EXTRACTED RECORDS —
....

theorem theorem4:
  fixes V :: "'a set" and A :: "'b set" and tail head :: "'b \<Rightarrow> 'a"
    and \<tau> :: nat and k :: real
  assumes "digraph V A tail head"
    and "min_dicut_size V A tail head \<tau>"
    and "k \<in> \<rat>" and "k \<ge> 2"
    and "has_nz_circular_flow V A tail head k"
  shows "\<exists>x1 x2 :: 'b + 'b \<Rightarrow> nat.
           (\<forall>e\<in>bi_arcs A. x1 e + x2 e \<le> wD \<tau> e) \<and>
           is_SCD V A tail head (nat \<lfloor>real \<tau> / k\<rfloor>) x1 \<and>
           is_SCD V A tail head (nat \<lfloor>real \<tau> / k\<rfloor>) x2"
proof -
  obtain fw f where flow: "nz_circular_flow V A tail head k fw f"
    using assms(5) unfolding has_nz_circular_flow_def by blast
  have finV: "finite V" and finA: "finite A"
    using assms(1) unfolding digraph_def by auto
  define t where "t = nat \<lfloor>real \<tau> / k\<rfloor>"
  have t_le: "real t \<le> real \<tau> / k"
    using assms(4) unfolding t_def by simp
  moreover have "real \<tau> / k \<le> real \<tau> / 2"
    using assms(4) by (intro divide_left_mono) auto
  ultimately have "t + t \<le> \<tau>" by linarith
  have "is_SCD V A tail head t (reverse_selection t P)" if "P = fw \<or> P = Not \<circ> fw" for P
  proof (rule is_SCD_reverse_selection[OF finA])
    fix U assume U: "U \<noteq> {}" "U \<subset> V" "out_arcs A tail head U = {}"
    have "finite U" "U \<subseteq> V" using U(2) finV finite_subset by auto
    have "real \<tau> \<le> card (in_arcs A tail head U)"
      using min_dicut_size_le_card_in_arcs[OF assms(1,2) U] by simp
    also have "\<dots> \<le> k * card {a \<in> in_arcs A tail head U. P a}"
      by (rule nz_circular_flow_in_arcs_balanced[OF flow finA \<open>finite U\<close> \<open>U \<subseteq> V\<close> U(3) that])
    finally have "real \<tau> / k \<le> card {a \<in> in_arcs A tail head U. P a}"
      using assms(4) by (simp add: divide_le_eq mult.commute)
    then show "t \<le> card {a \<in> in_arcs A tail head U. P a}"
      using t_le by linarith
  qed
  moreover have "\<forall>e\<in>bi_arcs A. reverse_selection t fw e + reverse_selection t (Not \<circ> fw) e \<le> wD \<tau> e"
    using \<open>t + t \<le> \<tau>\<close> by (auto simp: bi_arcs_def reverse_selection_def)
  ultimately show ?thesis
    unfolding t_def by blast
qed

....

PROBLEM REQUIREMENTS —
Number of lines in the listing above that include "Rightarrow": state it and nothing else.

RESPONSE TO THIS TASK —
2